One compares the character of John in its mellow ripeness--to an ancient extinct volcano. Where once the crater yawned--there is now a verdurant, cup-like hollow in the mountain summit. Where once the fierce fire burned--lies a still, clear pool of water, looking up like an eye to the beautiful heavens above, its banks covered with sweet flowers. It is an apt parable of this man. Naturally and originally volcanic, capable of profoundest passion and daring, he is new-made by grace, until, in his old age, he stands out in calm grandeur of character, and depth and largeness of soul, with all the gentlenesses and graces of Christ adorning him a man.
What was it that wrought this transformation in John? What was it that subdued the spirit of resentment in him--into the gentleness of love? What was it that made the "son of thunder" into the apostle of Christly affectionateness? It was lying upon the Master's bosom, which did it! The lump of common clay lay on the perfumed rose, and the sweetness of the rose entered into it, permeating it with its own fragrance.
There is room on that same bosom of eternal love--for all who will claim the place. How can we find the place? We are in Christ's bosom--when we have a confiding trust in Him; when we believe in His love for us, and let it flow about us in all its tenderness, loving Him in return. We rest in that bosom--when we grow intimate with Jesus, cultivating close fellowship and companionship, forming with Him a real heart-to-heart friendship, until we know no other friend so well, and love no other friend so much. We may come into this holy privilege, living always near the heart of Christ. Then the effect on our life of such habitual reposing on Him--will be the transformation of our character into the gentle beauty of holy love. Lying on the bosom of Christ, we shall grow like Christ. His life and love shall flow into our heart and saturate all our being.
There is another look at this picture, which we must take before we turn away from it.
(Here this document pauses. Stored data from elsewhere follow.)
(*
  Write I(p,\<theta>) = \<integral>\<^sub>0\<^sup>1 t (1 - t sin\<^sup>2\<theta>/2)^(p-2) dt for the inner integral,
  so that eps_p is a constant multiple of \<integral>\<^sub>0\<^sup>\<pi> I(p,\<theta>) b(cos \<theta>) sin\<^sup>N \<theta> d\<theta>.

  The single analytic input is the pointwise estimate, valid for every \<mu> \<in> [0,1],
      t (1 - c t)^q \<le> t e^(-qct) \<le> t / (1 + qct) \<le> (qc)^(-\<mu>),
  which gives I(p,\<theta>) \<le> ((p-2) sin\<^sup>2\<theta>/2)^(-\<mu>).  Taking \<mu> = 1 shows that
  p^\<nu> I(p,\<theta>) \<rightarrow> 0 for every \<nu> < 1 and every \<theta> with sin \<theta> \<noteq> 0; taking \<mu> = \<nu> shows
  that p^\<nu> I(p,\<theta>) sin\<^sup>N\<theta> \<le> 6 sin^(N-2\<nu>)\<theta> for p \<ge> 3.  Dominated convergence then
  yields p^\<nu> eps_p \<rightarrow> 0 whenever 0 \<le> \<nu> < 1 and b(cos \<theta>) sin^(N-2\<nu>)\<theta> is integrable.
  The theorem follows with \<nu> = 0 (this is (H0)), with \<nu> = 2 - 2/\<gamma> \<in> (0,1) under
  (H2), and, for 0 < \<gamma> \<le> 1, from the first part since then p^(2-2/\<gamma>) \<le> 1.
*)

lemma powr_le_one_plus:
  assumes "0 \<le> (x::real)" "0 \<le> \<mu>" "\<mu> \<le> 1"
  shows "x powr \<mu> \<le> 1 + x"
proof (cases "x \<le> 1")
  case True
  thus ?thesis using assms powr_le1[of \<mu> x] by simp
next
  case False
  have "x powr \<mu> \<le> x powr 1" using False assms by (intro powr_mono) auto
  thus ?thesis using False by simp
qed

lemma profile_bound:
  fixes q c t \<mu> :: real
  assumes q: "q > 0" and c: "c > 0" and t: "0 < t" "t \<le> 1" and ct: "c * t < 1"
    and mu: "0 \<le> \<mu>" "\<mu> \<le> 1"
  shows "t * (1 - c * t) powr q \<le> (q * c) powr (-\<mu>)"
proof -
  define x where "x = q * c * t"
  have x_pos: "x > 0" using q c t by (simp add: x_def)
  have "(1 - c * t) powr q = exp (q * ln (1 - c * t))" using ct by (simp add: powr_def)
  also have "\<dots> \<le> exp (- x)"
  proof -
    have "ln (1 - c * t) \<le> - (c * t)" using ln_le_minus_one[of "1 - c * t"] ct by simp
    hence "q * ln (1 - c * t) \<le> q * (- (c * t))" using q by (intro mult_left_mono) auto
    thus ?thesis by (simp add: x_def mult.assoc)
  qed
  also have "\<dots> \<le> 1 / (1 + x)"
    using exp_ge_add_one_self[of x] x_pos by (simp add: exp_minus field_simps)
  also have "\<dots> \<le> x powr (-\<mu>)"
    using powr_le_one_plus[of x \<mu>] x_pos mu by (simp add: powr_minus field_simps)
  finally have "t * (1 - c * t) powr q \<le> t * x powr (-\<mu>)" using t by (intro mult_left_mono) auto
  also have "t * x powr (-\<mu>) = (q * c) powr (-\<mu>) * t powr (1 - \<mu>)"
    unfolding x_def using q c t by (simp add: powr_mult powr_diff powr_minus field_simps)
  also have "\<dots> \<le> (q * c) powr (-\<mu>)"
    using t mu mult_left_mono[OF powr_le1[of "1 - \<mu>" t], of "(q * c) powr (-\<mu>)"] by simp
  finally show ?thesis .
qed

definition inner_eps :: "real \<Rightarrow> real \<Rightarrow> real" where
  "inner_eps p \<theta> = (LINT t:{0..1}|lborel. t * (1 - (sin \<theta>)\<^sup>2 / 2 * t) powr (p - 2))"

lemma inner_eps_measurable: "(\<lambda>\<theta>. inner_eps p \<theta>) \<in> borel_measurable lborel"
  unfolding inner_eps_def set_lebesgue_integral_def
  by (rule lborel.borel_measurable_lebesgue_integral) measurable

lemma inner_eps_nonneg: "0 \<le> inner_eps p \<theta>"
  unfolding inner_eps_def set_lebesgue_integral_def
  by (rule Bochner_Integration.integral_nonneg) (auto simp: indicator_def)

lemma inner_base_bounds:
  assumes "(t::real) \<in> {0..1}"
  shows "1/2 \<le> 1 - (sin \<theta>)\<^sup>2 / 2 * t" "1 - (sin \<theta>)\<^sup>2 / 2 * t \<le> 1"
proof -
  have "(sin \<theta>)\<^sup>2 * t \<le> 1"
    using assms abs_square_le_1[of "sin \<theta>"] by (intro mult_le_one) auto
  thus "1/2 \<le> 1 - (sin \<theta>)\<^sup>2 / 2 * t" "1 - (sin \<theta>)\<^sup>2 / 2 * t \<le> 1" using assms by auto
qed

lemma inner_eps_integrable:
  "set_integrable lborel {0..1} (\<lambda>t::real. t * (1 - (sin \<theta>)\<^sup>2 / 2 * t) powr (p - 2))"
proof (rule borel_integrable_atLeastAtMost')
  show "continuous_on {0..1} (\<lambda>t. t * (1 - (sin \<theta>)\<^sup>2 / 2 * t) powr (p - 2))"
    using inner_base_bounds(1)[of _ \<theta>] by (intro continuous_intros ballI) force
qed

lemma inner_eps_bound:
  assumes p: "p > 2" and s: "sin \<theta> \<noteq> 0" and mu: "0 \<le> \<mu>" "\<mu> \<le> 1"
  shows "inner_eps p \<theta> \<le> ((p - 2) * ((sin \<theta>)\<^sup>2 / 2)) powr (-\<mu>)"
proof -
  have "inner_eps p \<theta> \<le> (LINT t::real:{0..1}|lborel. ((p - 2) * ((sin \<theta>)\<^sup>2 / 2)) powr (-\<mu>))"
    unfolding inner_eps_def
  proof (rule set_integral_mono[OF inner_eps_integrable])
    show "set_integrable lborel {0..1} (\<lambda>t::real. ((p - 2) * ((sin \<theta>)\<^sup>2 / 2)) powr (-\<mu>))"
      by (rule borel_integrable_atLeastAtMost') (rule continuous_on_const)
    fix t :: real assume t: "t \<in> {0..1}"
    show "t * (1 - (sin \<theta>)\<^sup>2 / 2 * t) powr (p - 2) \<le> ((p - 2) * ((sin \<theta>)\<^sup>2 / 2)) powr (-\<mu>)"
    proof (cases "t = 0")
      case False
      thus ?thesis using inner_base_bounds(1)[OF t, of \<theta>] t p s mu
        by (intro profile_bound) auto
    qed simp
  qed
  thus ?thesis by (simp add: set_integral_const)
qed

lemma powr_over_linear_tendsto_zero:
  fixes \<nu> k :: real
  assumes "\<nu> < 1" "k > 0"
  shows "((\<lambda>p. p powr \<nu> * ((p - 2) * k) powr (-1)) \<longlongrightarrow> 0) at_top"
proof -
  have "((\<lambda>p::real. p powr (\<nu> - 1) * (p / (p - 2) / k)) \<longlongrightarrow> 0 * (1 / k)) at_top"
  proof (intro tendsto_mult tendsto_divide tendsto_const)
    show "((\<lambda>p::real. p powr (\<nu> - 1)) \<longlongrightarrow> 0) at_top"
      using assms by (intro tendsto_neg_powr filterlim_ident) auto
    show "((\<lambda>p::real. p / (p - 2)) \<longlongrightarrow> 1) at_top" by real_asymp
  qed (use assms in auto)
  moreover have "\<forall>\<^sub>F p in at_top. p powr (\<nu> - 1) * (p / (p - 2) / k) = p powr \<nu> * ((p - 2) * k) powr (-1)"
    using eventually_gt_at_top[of 2]
    by eventually_elim (use assms in \<open>simp add: powr_diff powr_minus field_simps\<close>)
  ultimately show ?thesis by (simp add: tendsto_cong)
qed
This time it gives us a glimpse of what heaven will be. The ancient Jews called the home of the blessed dead, "Abraham's bosom." That was because Abraham was the father of the Jewish people, and the children were all gathered into the father's bosom. In a far sweeter, truer sense--may we speak of heaven as the bosom of Christ. It is the place of perfect communion. Nothing will ever separate the believer from his Savior in that home of glory.
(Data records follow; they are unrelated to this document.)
lemma free_orbit_limit_small:
  assumes "k \<in> free"
  shows "\<bar>orbit_limit ! k\<bar> < 1/2"
proof -
  define a where "a = orbit_limit ! k"
  have "\<bar>a\<bar> \<le> 1/2"
    unfolding a_def using free_small[OF assms]
    by (intro LIMSEQ_le_const2[OF tendsto_rabs[OF orbit_tendsto_limit[OF free_less[OF assms]]]])
      (auto intro: less_imp_le)
  moreover have "\<bar>a\<bar> \<noteq> 1/2"
  proof
    assume "\<bar>a\<bar> = 1/2"
    then have half: "a = 1/2 \<or> a = -1/2"
      by (auto simp: abs_if split: if_splits)
    have "0 \<le> a * orbit_limit ! l" if "l \<in> cluster k" for l
    proof -
      have "\<bar>orbit_limit ! l - a\<bar> \<le> 1/2"
        using that close_iff_orbit_limit[OF assms] eps_le_half by (auto simp: cluster_def a_def)
      then show ?thesis
        using half by (auto simp: abs_if split: if_splits)
    qed
    then have "a * a \<le> (\<Sum>l\<in>cluster k. a * orbit_limit ! l)"
      using member_le_sum[of k "cluster k" "\<lambda>l. a * orbit_limit ! l"]
        self_in_cluster[OF assms] finite_cluster by (simp add: a_def)
    also have "\<dots> = 0"
      using cluster_sum_orbit_limit[OF assms] by (simp add: sum_distrib_left[symmetric])
    finally show False
      using half by (auto simp: mult_le_0_iff)
  qed
  ultimately show ?thesis
    unfolding a_def by linarith
qed

lemma nbhd_orbit_limit:
  assumes "k \<in> free"
  shows "nbhd \<epsilon> orbit_limit k = cluster k"
proof -
  have "\<epsilon> < \<bar>orbit_limit ! l - orbit_limit ! k\<bar>" if "l < N" "l \<notin> free" for l
    using orbit_limit_pinned[OF that] free_orbit_limit_small[OF assms] eps_le_half by linarith
  then show ?thesis
    using assms close_iff_orbit_limit free_less by (force simp: nbhd_def cluster_def)
qed

lemma Phi_orbit_limit: "Phi h \<epsilon> orbit_limit = orbit_limit"
proof (rule nth_equalityI)
  fix k assume "k < length (Phi h \<epsilon> orbit_limit)"
  then have "k < N"
    by simp
  show "Phi h \<epsilon> orbit_limit ! k = orbit_limit ! k"
  proof (cases "k \<in> free")
    case True
    then show ?thesis
      using \<open>k < N\<close> free_orbit_limit_small[OF True]
      by (simp add: wval_def nbhd_orbit_limit cluster_sum_orbit_limit clip_eq_self)
  next
    case False
    then have "orbit_limit ! k = 1 \<or> orbit_limit ! k = -1"
      using orbit_limit_pinned[OF \<open>k < N\<close>] by linarith
    then show ?thesis
      using Phi_nth_eq_one Phi_nth_eq_minus_one h_pos eps_nonneg eps_le_half \<open>k < N\<close>
      by fastforce
  qed
qed simp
We see, too, what death is to a Christian--only going up closer in the bosom in which he has lain here on earth. Should anyone be afraid to creep up into this gentle place? Stephen, dying, saw Jesus, and said, "Lord Jesus, receive my spirit." Paul said, "To me to die is gain." Dying is gain to a Christian, because it is departing to be with Christ. Let us not dread to leave this world, if we are indeed Christ's. It will be changing only dim faith--for blessed sight; the Friend whom having not seen we love, until face to face with Him forever.
There is room on that bosom for many more. It is never full, for the arms of Christ are stretched out to take in the whole world.
Christ's bosom is never full. There is room for the penitent, room for the wanderer who wants to return, room for the sorrowing who seek soothing and comfort, room for the old in their feebleness, room for the children--room for all.